【发布时间】:2018-08-14 17:44:03
【问题描述】:
R 版本: R 版本 3.5.1 (2018-07-02)
H2O 集群版本: 3.20.0.2
此处使用的数据集可在 Kaggle(家庭信用风险)上获得。在使用 h2o automl 之前,已经对缺失值和相关分类变量的选择进行了必要的处理。你能帮我弄清楚这个错误的根本原因是什么吗? 谢谢
代码:
h2o.init()
h2o.no_progress()
# y_train_processed_tbl is the target variable
# x_train_processed_tbl is the remaining data post dealing with Missing
# values
data_h2o <- as.h2o(bind_cols(y_train_processed_tbl, x_train_processed_tbl))
splits_h2o <- h2o.splitFrame(data_h2o, ratios = c(0.7, 0.15), seed = 1234)
train_h2o <- splits_h2o[[1]]
valid_h2o <- splits_h2o[[2]]
test_h2o <- splits_h2o[[3]]
y <- "TARGET"
x <- setdiff(names(train_h2o), y)
automl_models_h2o <- h2o.automl(x = x,y = y,
training_frame = train_h2o, validation_frame = valid_h2o,
leaderboard_frame = test_h2o,
max_runtime_secs = 90
)
automl_leader <- automl_models_h2o@leader
# Error in performance_h2o
performance_h2o <- h2o.performance(automl_leader, newdata = test_h2o)
ERROR: Unexpected HTTP Status code: 404 Not Found
water.exceptions.H2OKeyNotFoundArgumentException
[1] "water.exceptions.H2OKeyNotFoundArgumentException: Object 'dummy' not
found in function: predict for argument: model"
[2] " water.api.ModelMetricsHandler.score(ModelMetricsHandler.java:235)"
[3] " sun.reflect.NativeMethodAccessorImpl.invoke0(Native Method)"
[4] " sun.reflect.NativeMethodAccessorImpl.invoke(Unknown Source)"
[5] " sun.reflect.DelegatingMethodAccessorImpl.invoke(Unknown Source)"
[6] " java.lang.reflect.Method.invoke(Unknown Source)"
[7] " water.api.Handler.handle(Handler.java:63)"
[8] " water.api.RequestServer.serve(RequestServer.java:451)"
[9] " water.api.RequestServer.doGeneric(RequestServer.java:296)"
[10] " water.api.RequestServer.doPost(RequestServer.java:222)"
[11] " javax.servlet.http.HttpServlet.service(HttpServlet.java:755)"
[12] " javax.servlet.http.HttpServlet.service(HttpServlet.java:848)"
[13] " org.eclipse.jetty.servlet.ServletHolder.handle(ServletHolder.java:684)"
[14] " org.eclipse.jetty.servlet.ServletHandler.doHandle(ServletHandler.java:503)"
[15] " org.eclipse.jetty.server.handler.ContextHandler.doHandle(ContextHandler.java:1086)"
[16] " org.eclipse.jetty.servlet.ServletHandler.doScope(ServletHandler.java:429)"

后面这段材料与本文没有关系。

(* Let $d,s,t,\ell$ be nonnegative integers with $s\ge 1$, $d \geq 2t-3$ and $t \geq \max\{4, \ell+3\}$, and let $\theta_{t,\ell}\in\Theta_{t,\ell}$. For any two edges of $W_d(s)$, the number of subgraphs of $W_d(s)$ isomorphic to $\theta_{t,\ell}$ that contain both of these edges and contain exactly one hub vertex of $W_d(s)$ is at most \[ N= \begin{cases} \max\{s(t-3),\, t-2\}, & \text{if } \theta_{t,\ell} = F_t,\\ s(t-3), & \text{if } \theta_{t,\ell} \neq F_t \text{ and } \mathbf{X}(\theta_{t,\ell}) \text{ is symmetric},\\ 2s(t-3), & \text{if } \mathbf{X}(\theta_{t,\ell}) \text{ is asymmetric}. \end{cases} \]
   Context: For $d \ge 3$ and $s \ge 1$, the $s$-hubbed wheel $W_d(s) = \overline{K_s} + C_d$ has vertex set $\{u_1,\dots,u_s\} \cup \{v_1,\dots,v_d\}$, where $v_1v_2\cdots v_dv_1$ is a cycle, the hub vertices $u_1,\dots,u_s$ are pairwise non-adjacent, and every $u_a$ is adjacent to every $v_i$. Edges $u_av_i$ are spokes; edges $v_iv_{i+1}$ (indices mod $d$) are rim edges. For $t\ge 3$ and $0 \le \ell \le t-3$, $\Theta_{t,\ell}$ is the class of graphs $\theta_{t,\ell}$ obtained from a cycle $v_1v_2\cdots v_tv_1$ by adding exactly $\ell$ chords $v_1v_{i_1},\dots,v_1v_{i_\ell}$ with $2<i_1<\cdots<i_\ell<t$. Its vector is $\mathbf{X}(\theta_{t,\ell}) = (2, i_1, \dots, i_\ell, t)$. The graph (or its vector) is symmetric if $\ell = 0$ or $i_j + i_{\ell+1-j} = t+2$ for every $j \le (\ell+1)/2$, and asymmetric otherwise. The fan $F_t$ is $\theta_{t,t-3}$, i.e., the $t$-cycle with all chords $v_1v_i$, $3\le i\le t-1$. *)

theory Defs
  imports Main
begin

text \<open>Graphs are given by edge sets; an edge is a 2-element vertex set.\<close>

text \<open>The s-hubbed wheel W_d(s): hub vertices Inl a (a < s), rim vertices Inr i (i < d),
  rim cycle Inr 0, Inr 1, ..., Inr (d-1), Inr 0.\<close>
definition hubs :: "nat \<Rightarrow> (nat + nat) set" where
  "hubs s = Inl ` {..<s}"

definition spokes :: "nat \<Rightarrow> nat \<Rightarrow> (nat + nat) set set" where
  "spokes d s = {{Inl a, Inr i} | a i. a < s \<and> i < d}"

definition rim_edges :: "nat \<Rightarrow> (nat + nat) set set" where
  "rim_edges d = {{Inr i, Inr ((i + 1) mod d)} | i. i < d}"

definition wheel_edges :: "nat \<Rightarrow> nat \<Rightarrow> (nat + nat) set set" where
  "wheel_edges d s = spokes d s \<union> rim_edges d"

text \<open>theta_{t,l}: cycle v_1 ... v_t v_1 (vertices 1..t) plus the chords {1,i}, i \<in> I,
  where I = {i_1,...,i_l} with 2 < i_1 < ... < i_l < t.\<close>
definition theta_chord_set :: "nat \<Rightarrow> nat \<Rightarrow> nat set \<Rightarrow> bool" where
  "theta_chord_set t l I \<longleftrightarrow> I \<subseteq> {3..<t} \<and> card I = l"

definition theta_edges :: "nat \<Rightarrow> nat set \<Rightarrow> nat set set" where
  "theta_edges t I = {{i, i + 1} | i. 1 \<le> i \<and> i < t} \<union> {{t, 1}} \<union> {{1, i} | i. i \<in> I}"

definition theta_vector :: "nat \<Rightarrow> nat set \<Rightarrow> nat list" where
  "theta_vector t I = [2] @ sorted_list_of_set I @ [t]"

text \<open>Symmetric: l = 0 or i_j + i_{l+1-j} = t + 2 for all 1 \<le> j \<le> (l+1)/2
  (chords indexed from 1, i.e. i_j = (sorted_list_of_set I) ! (j - 1)).\<close>
definition theta_symmetric :: "nat \<Rightarrow> nat set \<Rightarrow> bool" where
  "theta_symmetric t I \<longleftrightarrow>
     (let xs = sorted_list_of_set I; l = length xs in
       l = 0 \<or> (\<forall>j. 1 \<le> j \<and> 2 * j \<le> l + 1 \<longrightarrow> xs ! (j - 1) + xs ! (l - j) = t + 2))"

definition fan_chords :: "nat \<Rightarrow> nat set" where
  "fan_chords t = {3..<t}"

text \<open>An edge set H (a subgraph with vertex set \<Union>H; theta has no isolated vertices)
  is isomorphic to theta_{t,l} with chord set I.\<close>
definition iso_theta :: "nat \<Rightarrow> nat set \<Rightarrow> 'v set set \<Rightarrow> bool" where
  "iso_theta t I H \<longleftrightarrow>
     (\<exists>f. bij_betw f {1..t} (\<Union>H) \<and> H = (\<lambda>e. f ` e) ` theta_edges t I)"

end

theory Submission
  imports Defs "HOL-Number_Theory.Cong"
begin

text \<open>
  Let H be a copy of theta_{t,l} in W_d(s) containing a single hub vertex u. Deleting u from the
  cycle of theta leaves a path on t - 1 rim vertices whose edges are rim edges. An injective walk
  with unit steps around the rim keeps its direction, so the path is a segment j, ..., j + t - 2
  of the rim, read forwards or backwards. As t < d, vertices of the segment that are not
  consecutive are not adjacent, hence every chord of theta is incident to u. So H is determined
  by its hub, by j and by the offsets of its spokes along the segment, which are X(theta) - 2 or
  their reflection z \<mapsto> t - 2 - z; the two coincide when theta is symmetric.

  For a fixed set of offsets we count the pairs (hub, j) whose copy contains two given edges.
  Because 2 (t - 1) \<le> d + 1, whenever the shifted offsets x + j and y + j hit the two edges, the
  difference D = y - x is the same nonzero number, and j is determined by x. An interval of
  length t - 2 contains at most t - 3 pairs with difference D, which gives s (t - 3) copies
  through two rim edges. A spoke fixes the hub, and then there are at most t - 2 pairs, and at
  most t - 3 unless the offsets fill the whole interval, that is, unless theta is the fan.
\<close>

section \<open>Placements of one-hub copies\<close>

definition rim_edge :: "nat \<Rightarrow> nat \<Rightarrow> (nat + nat) set" where
  "rim_edge d k = {Inr (k mod d), Inr (Suc k mod d)}"

text \<open>The copy of theta with hub Inl a whose other vertices form the rim path Inr j, ...,
  Inr (j + t - 2) (indices mod d), the hub being joined to the path vertices at the offsets Z.\<close>
definition hub_copy :: "nat \<Rightarrow> nat \<Rightarrow> nat \<Rightarrow> nat \<Rightarrow> nat set \<Rightarrow> (nat + nat) set set" where
  "hub_copy d t a j Z =
     {rim_edge d (j + r) | r. r < t - 2} \<union> {{Inl a, Inr ((j + z) mod d)} | z. z \<in> Z}"

lemma rim_edge_eq_iff:
  assumes "3 \<le> d"
  shows "rim_edge d x = rim_edge d y \<longleftrightarrow> x mod d = y mod d"
proof
  assume same: "rim_edge d x = rim_edge d y"
  show "x mod d = y mod d"
  proof (rule ccontr)
    assume "x mod d \<noteq> y mod d"
    with same have "x mod d = Suc y mod d" "Suc x mod d = y mod d"
      unfolding rim_edge_def by (auto simp: doubleton_eq_iff)
    then have "Suc (Suc x) mod d = x mod d"
      by (metis mod_Suc_eq)
    then have "d dvd 2"
      using mod_eq_dvd_iff_nat[of x "Suc (Suc x)" d] by simp
    with assms show False
      using dvd_imp_le[of d 2] by simp
  qed
qed (metis rim_edge_def mod_Suc_eq)

lemma wheel_edge_cases:
  assumes "e \<in> wheel_edges d s"
  obtains (spoke) b x where "b < s" "x < d" "e = {Inl b, Inr x}"
    | (rim) k where "k < d" "e = rim_edge d k"
  using assms unfolding wheel_edges_def spokes_def rim_edges_def rim_edge_def by auto

lemma rim_vertices_adjacent:
  assumes "{Inr x, Inr y} \<in> wheel_edges d s"
  shows "y = Suc x mod d \<or> x = Suc y mod d"
  using assms unfolding wheel_edges_def spokes_def rim_edges_def by (auto simp: doubleton_eq_iff)

lemma rim_edge_in_hub_copy_iff:
  assumes "3 \<le> d" "k < d"
  shows "rim_edge d k \<in> hub_copy d t a j Z \<longleftrightarrow> (\<exists>r<t - 2. (j + r) mod d = k)"
proof -
  have "rim_edge d k \<noteq> {Inl a, Inr x}" for x
    unfolding rim_edge_def by auto
  then have "rim_edge d k \<in> hub_copy d t a j Z \<longleftrightarrow> (\<exists>r<t - 2. rim_edge d (j + r) = rim_edge d k)"
    unfolding hub_copy_def by auto
  with assms show ?thesis
    by (simp add: rim_edge_eq_iff)
qed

[17] " org.eclipse.jetty.server.handler.ContextHandler.doScope(ContextHandler.java:1020)"
[18] " org.eclipse.jetty.server.handler.ScopedHandler.handle(ScopedHandler.java:135)"
[19] " org.eclipse.jetty.server.handler.HandlerCollection.handle(HandlerCollection.java:154)"
[20] " org.eclipse.jetty.server.handler.HandlerWrapper.handle(HandlerWrapper.java:116)"
[21] " water.JettyHTTPD$LoginHandler.handle(JettyHTTPD.java:197)"
[22] " org.eclipse.jetty.server.handler.HandlerCollection.handle(HandlerCollection.java:154)"
[23] " org.eclipse.jetty.server.handler.HandlerWrapper.handle(HandlerWrapper.java:116)"
[24] " org.eclipse.jetty.server.Server.handle(Server.java:370)"
[25] " org.eclipse.jetty.server.AbstractHttpConnection.handleRequest(AbstractHttpConnection.java:494)"
[26] " org.eclipse.jetty.server.BlockingHttpConnection.handleRequest(BlockingHttpConnection.java:53)"
[27] " org.eclipse.jetty.server.AbstractHttpConnection.content(AbstractHttpConnection.java:982)"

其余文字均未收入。